Review of Learning, Part 5: Systems Thinking

Post date: Oct 24, 2014 3:47:15 PM

Awareness of Systems Thinking | Inventory, Flow, Constraints and Throughput

Systems Thinking or The Systems Approach

A system is defined as a set of things working together as parts of a mechanism or an interconnecting network; a complex whole. The act of systems thinking is to be cognisant of the whole when considering the parts.

Mullins (2009) references Bertalanffy (1951) as the founder of Systems Theory, and General System Theory (GST), and refers to the business organisation as an open system, part of a broader environment with which the organisation is constantly interacting with.

Deming (1986) suggests that production should be viewed as a system, and to improve quality the whole system from the incoming materials to the consumer should be considered. In his 14 points for Management his 5th point states that the system of production should be constantly improved to increase quality, productivity and therefore decrease cost.

Inventory

Ohno (1988) defines one of the seven non-value adding wastes in a process as excess inventory. Suggesting that excess raw materials, work-in-progress or unshipped goods cause longer lead times, obsolescence and delay. Inventory obsolescence is a term used to refer to a deterioration in value of inventory over time.

Ladis (2008) suggests that specifications (or requirements) that have not been implemented, designs that have not been reviewed and code that has not been tested and deployed, can all be considered inventory. He goes on to suggest a chain or system that is self-limiting, where teams should not build features which people do not yet need, or define more requirements than the team can code, or write more code than can be tested, or test more code than can be deployed into an environment where a user can use it.

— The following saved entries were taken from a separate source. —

(* Let $\mathcal{C},\mathcal{D}$ be categories and $F:\mathcal{C}\to\mathcal{D}$ a functor. Assume that $\mathcal{D}$ is essentially small and that there exists a cardinal $\kappa$ such that $\mathcal{C}$ has products indexed by any set of cardinality $\kappa$, while $|\mathcal{D}(d',d)|\leq\kappa$ for all objects $d',d$ of $\mathcal{D}$. Then: (1) for any two parallel morphisms $f,g:c'\to c$ in $\mathcal{C}$ we have $F(f)=F(g)$; (2) if $\mathcal{C}$ is strongly connected, then $F$ is isomorphic to a constant functor.
   Context: A category is essentially small if it is equivalent to a small category. A category is strongly connected if for any two objects $c,c'$ the hom-set $\mathcal{C}(c,c')$ is non-empty. *)

theory Defs
  imports Main
begin

record ('o, 'a) category =
  Obj  :: "'o set"
  Arr  :: "'a set"
  Dom  :: "'a \<Rightarrow> 'o"
  Cod  :: "'a \<Rightarrow> 'o"
  Id   :: "'o \<Rightarrow> 'a"
  Comp :: "'a \<Rightarrow> 'a \<Rightarrow> 'a"   (* Comp C g f = g \<circ> f *)

definition hom :: "('o, 'a) category \<Rightarrow> 'o \<Rightarrow> 'o \<Rightarrow> 'a set" where
  "hom C x y = {f \<in> Arr C. Dom C f = x \<and> Cod C f = y}"

definition category :: "('o, 'a) category \<Rightarrow> bool" where
  "category C \<longleftrightarrow>
     (\<forall>f \<in> Arr C. Dom C f \<in> Obj C \<and> Cod C f \<in> Obj C) \<and>
     (\<forall>x \<in> Obj C. Id C x \<in> hom C x x) \<and>
     (\<forall>x \<in> Obj C. \<forall>y \<in> Obj C. \<forall>z \<in> Obj C. \<forall>f \<in> hom C x y. \<forall>g \<in> hom C y z.
        Comp C g f \<in> hom C x z) \<and>
     (\<forall>x \<in> Obj C. \<forall>y \<in> Obj C. \<forall>f \<in> hom C x y.
        Comp C (Id C y) f = f \<and> Comp C f (Id C x) = f) \<and>
     (\<forall>w \<in> Obj C. \<forall>x \<in> Obj C. \<forall>y \<in> Obj C. \<forall>z \<in> Obj C.
        \<forall>f \<in> hom C w x. \<forall>g \<in> hom C x y. \<forall>h \<in> hom C y z.
        Comp C h (Comp C g f) = Comp C (Comp C h g) f)"

definition "functor" ::
  "('o, 'a) category \<Rightarrow> ('p, 'b) category \<Rightarrow> ('o \<Rightarrow> 'p) \<Rightarrow> ('a \<Rightarrow> 'b) \<Rightarrow> bool" where
  "functor C D Fo Fa \<longleftrightarrow> category C \<and> category D \<and>
     (\<forall>x \<in> Obj C. Fo x \<in> Obj D) \<and>
     (\<forall>x \<in> Obj C. \<forall>y \<in> Obj C. \<forall>f \<in> hom C x y. Fa f \<in> hom D (Fo x) (Fo y)) \<and>
     (\<forall>x \<in> Obj C. Fa (Id C x) = Id D (Fo x)) \<and>
     (\<forall>x \<in> Obj C. \<forall>y \<in> Obj C. \<forall>z \<in> Obj C. \<forall>f \<in> hom C x y. \<forall>g \<in> hom C y z.
        Fa (Comp C g f) = Comp D (Fa g) (Fa f))"

definition iso_arr :: "('o, 'a) category \<Rightarrow> 'a \<Rightarrow> bool" where
  "iso_arr C f \<longleftrightarrow> f \<in> Arr C \<and>
     (\<exists>g \<in> hom C (Cod C f) (Dom C f).
        Comp C g f = Id C (Dom C f) \<and> Comp C f g = Id C (Cod C f))"

definition nat_iso ::
  "('o, 'a) category \<Rightarrow> ('p, 'b) category \<Rightarrow> ('o \<Rightarrow> 'p) \<Rightarrow> ('a \<Rightarrow> 'b)
     \<Rightarrow> ('o \<Rightarrow> 'p) \<Rightarrow> ('a \<Rightarrow> 'b) \<Rightarrow> ('o \<Rightarrow> 'b) \<Rightarrow> bool" where
  "nat_iso C D Go Ga Ho Ha \<eta> \<longleftrightarrow>
     functor C D Go Ga \<and> functor C D Ho Ha \<and>
     (\<forall>x \<in> Obj C. \<eta> x \<in> hom D (Go x) (Ho x) \<and> iso_arr D (\<eta> x)) \<and>
     (\<forall>x \<in> Obj C. \<forall>y \<in> Obj C. \<forall>f \<in> hom C x y.
        Comp D (\<eta> y) (Ga f) = Comp D (Ha f) (\<eta> x))"

definition isomorphic_functors ::
  "('o, 'a) category \<Rightarrow> ('p, 'b) category \<Rightarrow> ('o \<Rightarrow> 'p) \<Rightarrow> ('a \<Rightarrow> 'b)
     \<Rightarrow> ('o \<Rightarrow> 'p) \<Rightarrow> ('a \<Rightarrow> 'b) \<Rightarrow> bool" where
  "isomorphic_functors C D Go Ga Ho Ha \<longleftrightarrow> (\<exists>\<eta>. nat_iso C D Go Ga Ho Ha \<eta>)"

definition const_obj :: "'p \<Rightarrow> 'o \<Rightarrow> 'p" where
  "const_obj d = (\<lambda>_. d)"

definition const_arr :: "('p, 'b) category \<Rightarrow> 'p \<Rightarrow> 'a \<Rightarrow> 'b" where
  "const_arr D d = (\<lambda>_. Id D d)"

definition iso_to_constant_functor ::
  "('o, 'a) category \<Rightarrow> ('p, 'b) category \<Rightarrow> ('o \<Rightarrow> 'p) \<Rightarrow> ('a \<Rightarrow> 'b) \<Rightarrow> bool" where
  "iso_to_constant_functor C D Fo Fa \<longleftrightarrow>
     (\<exists>d \<in> Obj D. isomorphic_functors C D Fo Fa (const_obj d) (const_arr D d))"

definition is_product ::
  "('o, 'a) category \<Rightarrow> 'i set \<Rightarrow> ('i \<Rightarrow> 'o) \<Rightarrow> 'o \<Rightarrow> ('i \<Rightarrow> 'a) \<Rightarrow> bool" where
  "is_product C K X P p \<longleftrightarrow> P \<in> Obj C \<and> (\<forall>i \<in> K. p i \<in> hom C P (X i)) \<and>
     (\<forall>c \<in> Obj C. \<forall>f. (\<forall>i \<in> K. f i \<in> hom C c (X i)) \<longrightarrow>
        (\<exists>!h. h \<in> hom C c P \<and> (\<forall>i \<in> K. Comp C (p i) h = f i)))"

definition has_products_indexed_by :: "('o, 'a) category \<Rightarrow> 'i set \<Rightarrow> bool" where
  "has_products_indexed_by C K \<longleftrightarrow>
     (\<forall>X. (\<forall>i \<in> K. X i \<in> Obj C) \<longrightarrow> (\<exists>P p. is_product C K X P p))"

definition card_le :: "'x set \<Rightarrow> 'i set \<Rightarrow> bool" where
  "card_le A K \<longleftrightarrow> (\<exists>f. inj_on f A \<and> f ` A \<subseteq> K)"

definition strongly_connected :: "('o, 'a) category \<Rightarrow> bool" where
  "strongly_connected C \<longleftrightarrow> (\<forall>c \<in> Obj C. \<forall>c' \<in> Obj C. hom C c c' \<noteq> {})"

end

theory Submission
  imports Defs
begin

text \<open>
  Suppose \<open>F f \<noteq> F g\<close> for parallel \<open>f, g : c' \<rightarrow> c\<close>, and let \<open>P = c\<^sup>K\<close> be the \<open>K\<close>-th power
  of \<open>c\<close>. Each subset \<open>A \<subseteq> K\<close> gives an arrow \<open>h\<^sub>A : c' \<rightarrow> P\<close> whose components are \<open>f\<close> on
  \<open>A\<close> and \<open>g\<close> off \<open>A\<close>; composing \<open>F h\<^sub>A\<close> with the images of the projections recovers \<open>A\<close>,
  so \<open>A \<mapsto> F h\<^sub>A\<close> embeds \<open>Pow K\<close> into \<open>D(F c', F P)\<close>, which has at most \<open>|K|\<close> elements,
  contradicting Cantor's theorem. Once \<open>F\<close> identifies parallel arrows, in a strongly
  connected category the images of arbitrary arrows \<open>x \<rightarrow> c\<^sub>0\<close> form a natural isomorphism
  from \<open>F\<close> to the constant functor at \<open>F c\<^sub>0\<close>.
\<close>

lemma not_card_le_Pow: "\<not> card_le (Pow K) K"
  using inj_on_iff_surj[of "Pow K" K] Cantors_theorem[of K] by (auto simp: card_le_def)

lemma card_le_inj_on:
  assumes "card_le B K" "inj_on f A" "f ` A \<subseteq> B"
  shows "card_le A K"
proof -
  obtain g where "inj_on g B" "g ` B \<subseteq> K"
    using assms(1) unfolding card_le_def by blast
  then have "inj_on (g \<circ> f) A" "(g \<circ> f) ` A \<subseteq> K"
    using assms(2,3) by (auto intro: comp_inj_on inj_on_subset)
  then show ?thesis
    unfolding card_le_def by blast
qed

lemma categoryD:
  assumes "category C"
  shows "x \<in> Obj C \<Longrightarrow> Id C x \<in> hom C x x"
    and "\<lbrakk>x \<in> Obj C; y \<in> Obj C; z \<in> Obj C; f \<in> hom C x y; g \<in> hom C y z\<rbrakk>
          \<Longrightarrow> Comp C g f \<in> hom C x z"
    and "\<lbrakk>x \<in> Obj C; y \<in> Obj C; f \<in> hom C x y\<rbrakk> \<Longrightarrow> Comp C (Id C y) f = f"
  using assms unfolding category_def by simp_all

lemma functorD:
  assumes "functor C D Fo Fa"
  shows "category C" and "category D"
    and "x \<in> Obj C \<Longrightarrow> Fo x \<in> Obj D"
    and "\<lbrakk>x \<in> Obj C; y \<in> Obj C; f \<in> hom C x y\<rbrakk> \<Longrightarrow> Fa f \<in> hom D (Fo x) (Fo y)"
    and "x \<in> Obj C \<Longrightarrow> Fa (Id C x) = Id D (Fo x)"
    and "\<lbrakk>x \<in> Obj C; y \<in> Obj C; z \<in> Obj C; f \<in> hom C x y; g \<in> hom C y z\<rbrakk>
          \<Longrightarrow> Fa (Comp C g f) = Comp D (Fa g) (Fa f)"
  using assms unfolding functor_def by simp_all

lemma is_product_induced_arrow:
  assumes "is_product C K X P p" "c \<in> Obj C" "\<forall>i \<in> K. f i \<in> hom C c (X i)"
  shows "\<exists>h. h \<in> hom C c P \<and> (\<forall>i \<in> K. Comp C (p i) h = f i)"
  using assms unfolding is_product_def by blast

lemma functor_eq_on_parallel_arrows_if_power:
  assumes F: "functor C D Fo Fa"
    and power: "is_product C K (\<lambda>_. c) P p"
    and small: "card_le (hom D (Fo c') (Fo P)) K"
    and c': "c' \<in> Obj C" and c: "c \<in> Obj C"
    and f: "f \<in> hom C c' c" and g: "g \<in> hom C c' c"
  shows "Fa f = Fa g"
proof (rule ccontr)
  assume ne: "Fa f \<noteq> Fa g"
  have P: "P \<in> Obj C" and proj: "\<And>i. i \<in> K \<Longrightarrow> p i \<in> hom C P c"
    using power unfolding is_product_def by auto
  have "\<exists>h. h \<in> hom C c' P \<and> (\<forall>i \<in> K. Comp C (p i) h = (if i \<in> A then f else g))" for A
    using is_product_induced_arrow[OF power c'] f g by simp
  then obtain h where h: "\<And>A. h A \<in> hom C c' P"
    and h_proj: "\<And>A i. i \<in> K \<Longrightarrow> Comp C (p i) (h A) = (if i \<in> A then f else g)"
    by metis
  have F_h_proj: "Comp D (Fa (p i)) (Fa (h A)) = (if i \<in> A then Fa f else Fa g)"
    if "i \<in> K" for A i
    using functorD(6)[OF F c' P c h[of A] proj[OF that]] h_proj[OF that, of A]
    by (cases "i \<in> A") simp_all
  have "inj_on (\<lambda>A. Fa (h A)) (Pow K)"
  proof (rule inj_onI)
    fix A B assume A: "A \<in> Pow K" and B: "B \<in> Pow K" and eq: "Fa (h A) = Fa (h B)"
    have "i \<in> A \<longleftrightarrow> i \<in> B" if "i \<in> K" for i
      using F_h_proj[OF that, of A] F_h_proj[OF that, of B] eq ne by (auto split: if_splits)
    then show "A = B"
      using A B by blast
  qed
  moreover have "(\<lambda>A. Fa (h A)) ` Pow K \<subseteq> hom D (Fo c') (Fo P)"
    using functorD(4)[OF F c' P h] by blast
  ultimately have "card_le (Pow K) K"
    using card_le_inj_on[OF small] by blast
  then show False
    using not_card_le_Pow by blast
qed

lemma functor_const:
  assumes "category C" "category D" "d \<in> Obj D"
  shows "functor C D (const_obj d) (const_arr D d)"
  using assms categoryD(3)[OF assms(2) assms(3) assms(3) categoryD(1)[OF assms(2,3)]]
    categoryD(1)[OF assms(2)]
  unfolding functor_def const_obj_def const_arr_def by simp

lemma iso_arrI:
  assumes "f \<in> hom C x y" "g \<in> hom C y x"
    and "Comp C g f = Id C x" "Comp C f g = Id C y"
  shows "iso_arr C f"
  using assms unfolding iso_arr_def hom_def by auto

lemma iso_to_constant_functor_if_eq_on_parallel_arrows:
  assumes F: "functor C D Fo Fa"
    and sc: "strongly_connected C" and c0: "c0 \<in> Obj C"
    and parallel: "\<And>x y f g. \<lbrakk>x \<in> Obj C; y \<in> Obj C; f \<in> hom C x y; g \<in> hom C x y\<rbrakk>
                      \<Longrightarrow> Fa f = Fa g"
  shows "iso_to_constant_functor C D Fo Fa"
proof -
  have C: "category C" and D: "category D"
    using functorD(1,2)[OF F] .
  define d where "d = Fo c0"
  have d: "d \<in> Obj D"
    unfolding d_def using functorD(3)[OF F c0] .
  have "\<forall>x \<in> Obj C. \<exists>a. a \<in> hom C x c0" "\<forall>x \<in> Obj C. \<exists>a. a \<in> hom C c0 x"
    using sc c0 unfolding strongly_connected_def by blast+
  then obtain u v where u: "\<And>x. x \<in> Obj C \<Longrightarrow> u x \<in> hom C x c0"
    and v: "\<And>x. x \<in> Obj C \<Longrightarrow> v x \<in> hom C c0 x"
    by (metis bchoice)
  define \<eta> where "\<eta> x = Fa (u x)" for x
  have \<eta>: "\<eta> x \<in> hom D (Fo x) d" if "x \<in> Obj C" for x
    unfolding \<eta>_def d_def using functorD(4)[OF F that c0 u[OF that]] .
  have "Comp D (Fa (v x)) (\<eta> x) = Id D (Fo x)" if x: "x \<in> Obj C" for x
  proof -
    have "Comp D (Fa (v x)) (\<eta> x) = Fa (Comp C (v x) (u x))"
      unfolding \<eta>_def using functorD(6)[OF F x c0 x u[OF x] v[OF x]] by simp
    also have "\<dots> = Fa (Id C x)"
      using parallel[OF x x categoryD(2)[OF C x c0 x u[OF x] v[OF x]] categoryD(1)[OF C x]] .
    finally show ?thesis
      using functorD(5)[OF F x] by simp
  qed
  moreover have "Comp D (\<eta> x) (Fa (v x)) = Id D d" if x: "x \<in> Obj C" for x
  proof -
    have "Comp D (\<eta> x) (Fa (v x)) = Fa (Comp C (u x) (v x))"
      unfolding \<eta>_def using functorD(6)[OF F c0 x c0 v[OF x] u[OF x]] by simp
    also have "\<dots> = Fa (Id C c0)"
      using parallel[OF c0 c0 categoryD(2)[OF C c0 x c0 v[OF x] u[OF x]] categoryD(1)[OF C c0]] .
    finally show ?thesis
      unfolding d_def using functorD(5)[OF F c0] by simp
  qed
  ultimately have iso: "iso_arr D (\<eta> x)" if "x \<in> Obj C" for x
    using iso_arrI[OF \<eta>] functorD(4)[OF F c0 _ v] that unfolding d_def by blast
  have natural: "Comp D (\<eta> y) (Fa f) = Comp D (Id D d) (\<eta> x)"
    if x: "x \<in> Obj C" and y: "y \<in> Obj C" and f: "f \<in> hom C x y" for x y f
  proof -
    have "Comp D (\<eta> y) (Fa f) = Fa (Comp C (u y) f)"
      unfolding \<eta>_def using functorD(6)[OF F x y c0 f u[OF y]] by simp
    also have "\<dots> = \<eta> x"
      unfolding \<eta>_def using parallel[OF x c0 categoryD(2)[OF C x y c0 f u[OF y]] u[OF x]] .
    finally show ?thesis
      using categoryD(3)[OF D functorD(3)[OF F x] d \<eta>[OF x]] by simp
  qed
  have "nat_iso C D Fo Fa (const_obj d) (const_arr D d) \<eta>"
    unfolding nat_iso_def using F functor_const[OF C D d] \<eta> iso natural
    by (simp add: const_obj_def const_arr_def)
  then show ?thesis
    unfolding iso_to_constant_functor_def isomorphic_functors_def using d by blast
qed

theorem theorem2p3:
  fixes C :: "('o, 'a) category" and D :: "('p, 'b) category"
    and Fo :: "'o \<Rightarrow> 'p" and Fa :: "'a \<Rightarrow> 'b"
    and K :: "'i set"
  assumes F: "functor C D Fo Fa"
    and prod: "\<And>J :: 'i set. (\<exists>h. bij_betw h J K) \<Longrightarrow> has_products_indexed_by C J"
    and homs: "\<And>d' d. d' \<in> Obj D \<Longrightarrow> d \<in> Obj D \<Longrightarrow> card_le (hom D d' d) K"
  shows "(\<forall>c' \<in> Obj C. \<forall>c \<in> Obj C. \<forall>f \<in> hom C c' c. \<forall>g \<in> hom C c' c. Fa f = Fa g)
       \<and> (strongly_connected C \<and> Obj C \<noteq> {} \<longrightarrow> iso_to_constant_functor C D Fo Fa)"
proof -
  have K_products: "has_products_indexed_by C K"
    using prod bij_betw_id by blast
  have parallel: "Fa f = Fa g"
    if c': "c' \<in> Obj C" and c: "c \<in> Obj C" and "f \<in> hom C c' c" "g \<in> hom C c' c"
    for c' c f g
  proof -
    obtain P p where power: "is_product C K (\<lambda>_. c) P p"
      using K_products c unfolding has_products_indexed_by_def by metis
    then have "P \<in> Obj C"
      unfolding is_product_def by blast
    then have "card_le (hom D (Fo c') (Fo P)) K"
      using homs functorD(3)[OF F] c' by blast
    then show ?thesis
      using functor_eq_on_parallel_arrows_if_power[OF F power] that by blast
  qed
  moreover have "iso_to_constant_functor C D Fo Fa"
    if "strongly_connected C" "c0 \<in> Obj C" for c0
    using iso_to_constant_functor_if_eq_on_parallel_arrows[OF F that] parallel by blast
  ultimately show ?thesis
    by blast
qed

end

Eisenmann (2013) presents Spolsky’s (2012) view of Software Inventory, where he describes items in a feature backlog which will never get implemented, therefore, the time taken to write down, define, design, think about and discuss those items can all be considered wasteful.

Theory of Constraints

Goldratt (1992) introduced the Theory of Constraints (ToC), the suggestion that all systems have bottlenecks, which aren’t necessarily bad or good, but just the reality of any system. Goldratt states that the bottlenecks within a system determines the effective capacity of the system, and we can use those bottlenecks (or constraints) to control the flow through a system. He suggests that bottlenecks govern both throughput and inventory, and only by increasing flow through those constraints can the overall throughput of a system be increased.

To improve the throughput of a system, Goldratt suggests starting with identifying the system’s constraint(s), then exploit (make the most of) and use the identified constraint as the control (or heartbeat) for the system. Then focus on increasing the constraint(s) capacity while being conscious of breaking other constraints in doing so.

Flow and Pull

To reduce waste within a system, and therefore reduce costs and increase quality, Ohno (1988) suggests that the ideal state of production is to have the least amount of inventory along with just-in-time flow of that inventory to the right place, at the right time in the right quantity. Understanding that it would be extremely difficult to apply zero-inventory and just-in-time to every process in a system, he proposed the use of Kanban as a way to visually control and prevent overproduction and reduce waste.

Kanban is the Japanese word for billboard, sign and is more broadly used in lean manufacturing to mean a signal or tag. Ohno observed that by having each step in a system signal to the previous step when its inventory needed to be replenished, a pull process is created back through the system, which reduces the amount of inventory and the overall lead time of the system; the time it takes to realise value from the system’s input.

Key points:

  • Consider the whole system, organisations are not closed systems

  • Be aware of the cost of inventory, and waste within a system

  • Identify, exploit and alleviate constraints within a system

  • Use flow and pull to understand the capacity and constraints of a system

References

Mullins, L. (2009). Management and Organisational Behaviour, 8th edition, Pearson Educational.

Deming, W. E. (1986). Out of the crisis. Cambridge, MA: Massachusetts Institute of Technology. Center for Advanced Engineering Study, 6.

Ohno, T. (1988) Toyota Production System, Productivity Press

Ladas, C. (2009). Scrumban-essays on kanban systems for lean software development.

Eisenmann, T (2013) Managing Startups: Best Blog Posts & Spolsky, J (2012) Software Inventory

Goldratt, E. M., Cox, J., & Whitford, D. (1992). The goal: a process of ongoing improvement (Vol. 2). Great Barrington, MA: North River Press.